Photography and Video Glossary - A collection of all the photographic and filmmaking terms

 During today's class we had to start creating our glossary of terms which we will be using in our continuation route. The list will be regularly updated with new terms.

Camera side view

Filmmaking/photography terms:

Act - The classic story structure is divided into three acts, beginning, middle, and an end. Lately often used to also visually divide the parts of the film, and shot the passage of time.

Close-up - Framing technique in which in frame is only characters head, or only a detail of some object is shown. Usually shot on portrait lenses.

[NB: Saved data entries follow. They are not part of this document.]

theorem mainTheorem5:
  fixes n m p k d :: nat
    and f :: mpoly and g :: "nat \<Rightarrow> mpoly"
    and I J :: "nat \<Rightarrow> nat set" and fl :: "nat \<Rightarrow> mpoly"
    and \<theta> :: "nat \<Rightarrow> mono \<Rightarrow> real" and y :: "mono \<Rightarrow> real"
  assumes p_pos: "p \<ge> 1" and k_pos: "k \<ge> 1" and d_pos: "d \<ge> 1"
    and I_sub: "\<forall>l\<in>{1..p}. I l \<subseteq> {1..n}"
    and J_sub: "\<forall>l\<in>{1..p}. J l \<subseteq> {1..m}"
    and f_split: "f = (\<Sum>l\<in>{1..p}. fl l)"
    and fl_vars: "\<forall>l\<in>{1..p}. pvars (fl l) \<subseteq> I l"
    and g_vars: "\<forall>l\<in>{1..p}. \<forall>j\<in>J l. pvars (g j) \<subseteq> I l"
    and I_cover: "(\<Union>l\<in>{1..p}. I l) = {1..n}"
    and J_cover: "(\<Union>l\<in>{1..p}. J l) = {1..m}"
    and RIP: "\<forall>l\<in>{1..<p}. \<exists>s\<in>{1..l}. I (l + 1) \<inter> (\<Union>r\<in>{1..l}. I r) \<subseteq> I s"
    and omega_le: "2 * omega m f g \<le> dmax f g m k d"
    and feas: "dual_feasible p I J f g m k d \<theta> y"
    and opt: "ereal (Lfun y f) = qtilde p I J f g m k d"
    and rank1: "\<forall>l\<in>{1..p}. mom_rank (I l) (omega m f g) (\<theta> l) = 1"
  shows "qtilde p I J f g m k d = fstar n m f g
    \<and> (\<lambda>i. if i \<in> {1..n} then y (Poly_Mapping.single i 1) else 0) \<in> Kset n m g
    \<and> ereal (peval f (\<lambda>i. if i \<in> {1..n} then y (Poly_Mapping.single i 1) else 0)) = fstar n m f g"
proof -
  define \<omega> where "\<omega> = omega m f g"
  define x where "x = (\<lambda>i. if i \<in> {1..n} then y (Poly_Mapping.single i 1) else 0)"
  have agree: "\<theta> l \<gamma> = meval x \<gamma>" if "l \<in> {1..p}" "\<gamma> \<in> Iset (I l) (2 * \<omega>)" for l \<gamma>
  proof -
    have "I l \<subseteq> {1..n}" using I_sub that(1) by blast
    then show ?thesis
      using that rank1 finite_subset[of "I l" "{1..n}"]
      by (intro rank_1_clique_eq_meval[OF feas _ k_pos]) (auto simp: x_def \<omega>_def subset_iff)
  qed
  have "Lfun y f = peval f x"
    using omega_degree_bounds(1) omega_le
    by (intro sparse_dual_value_eq_peval[OF feas f_split fl_vars _ _ agree]) (simp_all add: \<omega>_def)
  moreover have "x \<in> Kset n m g"
    using omega_degree_bounds(2) x_def
    by (intro sparse_dual_point_in_Kset[OF feas d_pos J_sub J_cover g_vars _ agree]) (simp_all add: \<omega>_def)
  moreover have "fstar n m f g \<le> ereal (peval f x)"
    unfolding fstar_def using calculation(2) by (rule INF_lower)
  ultimately show ?thesis
    unfolding x_def[symmetric] using opt qtilde_le_fstar[of p I J f g m k d n] by auto
qed

end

Exposition/Establishing shot - Either wide or a long shot from far away which has for its purpose showing viewers the place of the action. 

Hot-shoe mount - a mount placed on the top of the camera, used to attach different accessories like flash or shotgun microphone

Ken Burns Effect - A digital zoom or pan created in post production which adds a dynamic to the static shot or a picture

Logline - shortest version of the script. Usually one or two sentences which are supposed to visualize the basic idea for the film.

Match cut (to) - a transition between two shots that are unrelated but used deliberately to establish a continuity.  

Medium shot - Shot photographed from a medium distance. Usually frames characters from knees up.

180 degree rule - a cinematography rule saying that while shooting a scene a camera should be recording on a 180 degree axes. 

Panning shot - Usually used for exposition shots, is a horizontal camera movement from side to side.

Reaction shot - a quick clip of a public, group or just other character's reaction to an ongoing action.

Red herring - a form of foreshadowing an action early in the film. For example showing an object in act one which will be very vital to the story in act three.

Rotoscoping - Technique used in both animation and live action films. It consists of keying out the character frame by frame out of the background.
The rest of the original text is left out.